#### DATA RECORDS ####
theorem mainTheorem17:
  fixes m1 m2 m3 :: real
  assumes "m1 > 0" and "m2 > 0" and "m3 > 0" and "m1 + m2 + m3 = 1"
  shows "(\<exists>!mm :: real \<times> real \<times> real. (case mm of (p1, p2, p3) \<Rightarrow>
            p1 > 0 \<and> p2 > 0 \<and> p3 > 0 \<and> p1 + p2 + p3 = 1 \<and>
            p1 *\<^sub>R bhat m1 m2 m3 1 + p2 *\<^sub>R bhat m1 m2 m3 2 + p3 *\<^sub>R bhat m1 m2 m3 3 = 0)) \<and>
         (\<forall>p1 p2 p3. (p1 > 0 \<and> p2 > 0 \<and> p3 > 0 \<and> p1 + p2 + p3 = 1 \<and>
            p1 *\<^sub>R bhat m1 m2 m3 1 + p2 *\<^sub>R bhat m1 m2 m3 2 + p3 *\<^sub>R bhat m1 m2 m3 3 = 0)
          \<longleftrightarrow> (p1 = (1 - m1) / 2 \<and> p2 = (1 - m2) / 2 \<and> p3 = (1 - m3) / 2))"
proof -
  have dual: "(p1 > 0 \<and> p2 > 0 \<and> p3 > 0 \<and> p1 + p2 + p3 = 1 \<and>
            p1 *\<^sub>R bhat m1 m2 m3 1 + p2 *\<^sub>R bhat m1 m2 m3 2 + p3 *\<^sub>R bhat m1 m2 m3 3 = 0)
          \<longleftrightarrow> (p1 = (1 - m1) / 2 \<and> p2 = (1 - m2) / 2 \<and> p3 = (1 - m3) / 2)" for p1 p2 p3
    unfolding bhat_1[OF assms] bhat_2[OF assms] bhat_3[OF assms]
      collision_shapes_balance_iff[OF assms] dual_masses_iff[OF assms] ..
  have "(case mm of (p1, p2, p3) \<Rightarrow>
            p1 > 0 \<and> p2 > 0 \<and> p3 > 0 \<and> p1 + p2 + p3 = 1 \<and>
            p1 *\<^sub>R bhat m1 m2 m3 1 + p2 *\<^sub>R bhat m1 m2 m3 2 + p3 *\<^sub>R bhat m1 m2 m3 3 = 0)
          \<longleftrightarrow> mm = ((1 - m1) / 2, (1 - m2) / 2, (1 - m3) / 2)" for mm
    by (cases mm) (simp only: prod.case dual prod.inject)
  then show ?thesis
    unfolding dual by simp
qed

end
####
Tally the lines of the material that hold the word "simp", and state only that tally.

2